Stored items
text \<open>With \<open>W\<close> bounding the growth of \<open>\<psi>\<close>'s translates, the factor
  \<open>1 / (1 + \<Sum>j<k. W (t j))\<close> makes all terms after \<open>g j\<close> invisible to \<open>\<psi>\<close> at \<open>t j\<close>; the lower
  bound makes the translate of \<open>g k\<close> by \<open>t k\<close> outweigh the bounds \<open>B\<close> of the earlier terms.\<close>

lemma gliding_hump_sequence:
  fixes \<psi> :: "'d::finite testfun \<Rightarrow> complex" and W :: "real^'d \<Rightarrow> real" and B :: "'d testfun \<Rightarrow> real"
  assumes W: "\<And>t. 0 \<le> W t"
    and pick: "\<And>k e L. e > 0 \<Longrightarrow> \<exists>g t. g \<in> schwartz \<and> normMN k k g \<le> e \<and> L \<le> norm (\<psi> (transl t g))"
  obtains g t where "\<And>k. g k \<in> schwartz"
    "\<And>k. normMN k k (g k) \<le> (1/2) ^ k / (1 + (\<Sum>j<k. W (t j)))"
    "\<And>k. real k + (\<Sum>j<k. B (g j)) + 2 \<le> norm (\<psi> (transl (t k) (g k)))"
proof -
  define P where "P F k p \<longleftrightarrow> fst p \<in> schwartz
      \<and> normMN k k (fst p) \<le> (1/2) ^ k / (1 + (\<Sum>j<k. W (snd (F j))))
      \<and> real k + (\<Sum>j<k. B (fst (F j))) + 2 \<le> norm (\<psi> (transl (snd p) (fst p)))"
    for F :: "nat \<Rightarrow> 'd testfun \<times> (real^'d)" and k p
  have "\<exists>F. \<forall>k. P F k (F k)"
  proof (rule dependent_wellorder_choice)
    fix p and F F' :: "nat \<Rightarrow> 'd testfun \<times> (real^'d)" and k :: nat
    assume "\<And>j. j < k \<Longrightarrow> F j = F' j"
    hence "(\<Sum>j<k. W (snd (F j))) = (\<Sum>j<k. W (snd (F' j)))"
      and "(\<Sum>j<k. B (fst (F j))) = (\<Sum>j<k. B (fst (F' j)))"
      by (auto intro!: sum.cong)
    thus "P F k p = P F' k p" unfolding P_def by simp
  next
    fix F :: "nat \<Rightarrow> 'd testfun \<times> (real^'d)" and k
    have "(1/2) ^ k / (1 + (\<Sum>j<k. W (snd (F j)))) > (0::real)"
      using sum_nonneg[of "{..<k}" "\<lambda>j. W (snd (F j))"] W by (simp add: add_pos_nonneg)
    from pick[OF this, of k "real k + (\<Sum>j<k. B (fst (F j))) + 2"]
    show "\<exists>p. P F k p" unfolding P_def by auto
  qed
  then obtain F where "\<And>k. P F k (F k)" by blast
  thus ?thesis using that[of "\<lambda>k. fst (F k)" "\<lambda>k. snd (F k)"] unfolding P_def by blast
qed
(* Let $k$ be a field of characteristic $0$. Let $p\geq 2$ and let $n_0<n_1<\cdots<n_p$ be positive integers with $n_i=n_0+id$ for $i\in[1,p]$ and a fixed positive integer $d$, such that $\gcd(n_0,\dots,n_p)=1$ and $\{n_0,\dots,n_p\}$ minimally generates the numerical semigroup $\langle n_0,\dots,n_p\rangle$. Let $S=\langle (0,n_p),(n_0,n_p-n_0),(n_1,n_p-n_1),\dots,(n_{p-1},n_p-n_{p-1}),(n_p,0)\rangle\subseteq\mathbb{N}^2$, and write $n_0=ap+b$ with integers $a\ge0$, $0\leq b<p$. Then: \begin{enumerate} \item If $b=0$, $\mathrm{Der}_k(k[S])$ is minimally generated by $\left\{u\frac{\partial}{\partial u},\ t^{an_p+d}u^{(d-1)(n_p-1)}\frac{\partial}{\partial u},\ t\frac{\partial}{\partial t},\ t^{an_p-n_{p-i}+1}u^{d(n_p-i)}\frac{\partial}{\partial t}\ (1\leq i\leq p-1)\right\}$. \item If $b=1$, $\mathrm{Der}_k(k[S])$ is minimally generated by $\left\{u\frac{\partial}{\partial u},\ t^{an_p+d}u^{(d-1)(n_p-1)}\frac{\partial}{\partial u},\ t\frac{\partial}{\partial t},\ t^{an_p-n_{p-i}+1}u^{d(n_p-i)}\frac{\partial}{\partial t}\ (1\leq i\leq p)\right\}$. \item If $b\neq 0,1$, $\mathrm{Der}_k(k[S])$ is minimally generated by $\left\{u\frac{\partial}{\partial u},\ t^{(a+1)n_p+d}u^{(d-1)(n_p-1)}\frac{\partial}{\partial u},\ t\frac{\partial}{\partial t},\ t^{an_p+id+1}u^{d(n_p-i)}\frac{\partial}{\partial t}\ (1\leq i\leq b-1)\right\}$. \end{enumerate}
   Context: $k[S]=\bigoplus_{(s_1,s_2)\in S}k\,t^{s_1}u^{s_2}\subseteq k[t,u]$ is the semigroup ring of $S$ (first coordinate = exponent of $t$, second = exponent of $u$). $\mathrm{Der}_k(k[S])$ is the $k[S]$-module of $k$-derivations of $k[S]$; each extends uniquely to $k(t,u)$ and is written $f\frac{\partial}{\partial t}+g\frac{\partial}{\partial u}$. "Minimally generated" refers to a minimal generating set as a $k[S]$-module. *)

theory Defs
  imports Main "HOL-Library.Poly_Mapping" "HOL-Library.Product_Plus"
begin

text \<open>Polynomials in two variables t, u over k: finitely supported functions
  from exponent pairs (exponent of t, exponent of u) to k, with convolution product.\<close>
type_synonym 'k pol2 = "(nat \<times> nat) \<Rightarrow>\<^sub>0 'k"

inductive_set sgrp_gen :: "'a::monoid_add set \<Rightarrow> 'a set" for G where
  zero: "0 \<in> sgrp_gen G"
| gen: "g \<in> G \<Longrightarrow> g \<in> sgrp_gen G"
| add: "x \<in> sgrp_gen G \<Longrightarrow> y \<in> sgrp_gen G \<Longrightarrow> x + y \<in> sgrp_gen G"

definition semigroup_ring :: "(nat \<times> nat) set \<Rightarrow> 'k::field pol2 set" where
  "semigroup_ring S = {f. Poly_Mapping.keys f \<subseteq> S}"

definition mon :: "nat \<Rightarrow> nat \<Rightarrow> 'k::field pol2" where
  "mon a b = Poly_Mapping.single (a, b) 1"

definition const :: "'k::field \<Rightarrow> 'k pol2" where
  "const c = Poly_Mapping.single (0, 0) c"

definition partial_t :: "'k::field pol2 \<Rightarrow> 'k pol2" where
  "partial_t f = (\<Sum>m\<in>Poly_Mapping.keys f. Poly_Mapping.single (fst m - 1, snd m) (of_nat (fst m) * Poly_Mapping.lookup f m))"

WORK REQUIRED> Wherever the word "mathrm" appears in the records above, copy that line.

OUTPUT BELOW>
(* Let $k$ be a field of characteristic $0$. Let $p\geq 2$ and let $n_0<n_1<\cdots<n_p$ be positive integers with $n_i=n_0+id$ for $i\in[1,p]$ and a fixed positive integer $d$, such that $\gcd(n_0,\dots,n_p)=1$ and $\{n_0,\dots,n_p\}$ minimally generates the numerical semigroup $\langle n_0,\dots,n_p\rangle$. Let $S=\langle (0,n_p),(n_0,n_p-n_0),(n_1,n_p-n_1),\dots,(n_{p-1},n_p-n_{p-1}),(n_p,0)\rangle\subseteq\mathbb{N}^2$, and write $n_0=ap+b$ with integers $a\ge0$, $0\leq b<p$. Then: \begin{enumerate} \item If $b=0$, $\mathrm{Der}_k(k[S])$ is minimally generated by $\left\{u\frac{\partial}{\partial u},\ t^{an_p+d}u^{(d-1)(n_p-1)}\frac{\partial}{\partial u},\ t\frac{\partial}{\partial t},\ t^{an_p-n_{p-i}+1}u^{d(n_p-i)}\frac{\partial}{\partial t}\ (1\leq i\leq p-1)\right\}$. \item If $b=1$, $\mathrm{Der}_k(k[S])$ is minimally generated by $\left\{u\frac{\partial}{\partial u},\ t^{an_p+d}u^{(d-1)(n_p-1)}\frac{\partial}{\partial u},\ t\frac{\partial}{\partial t},\ t^{an_p-n_{p-i}+1}u^{d(n_p-i)}\frac{\partial}{\partial t}\ (1\leq i\leq p)\right\}$. \item If $b\neq 0,1$, $\mathrm{Der}_k(k[S])$ is minimally generated by $\left\{u\frac{\partial}{\partial u},\ t^{(a+1)n_p+d}u^{(d-1)(n_p-1)}\frac{\partial}{\partial u},\ t\frac{\partial}{\partial t},\ t^{an_p+id+1}u^{d(n_p-i)}\frac{\partial}{\partial t}\ (1\leq i\leq b-1)\right\}$. \end{enumerate}
   Context: $k[S]=\bigoplus_{(s_1,s_2)\in S}k\,t^{s_1}u^{s_2}\subseteq k[t,u]$ is the semigroup ring of $S$ (first coordinate = exponent of $t$, second = exponent of $u$). $\mathrm{Der}_k(k[S])$ is the $k[S]$-module of $k$-derivations of $k[S]$; each extends uniquely to $k(t,u)$ and is written $f\frac{\partial}{\partial t}+g\frac{\partial}{\partial u}$. "Minimally generated" refers to a minimal generating set as a $k[S]$-module. *)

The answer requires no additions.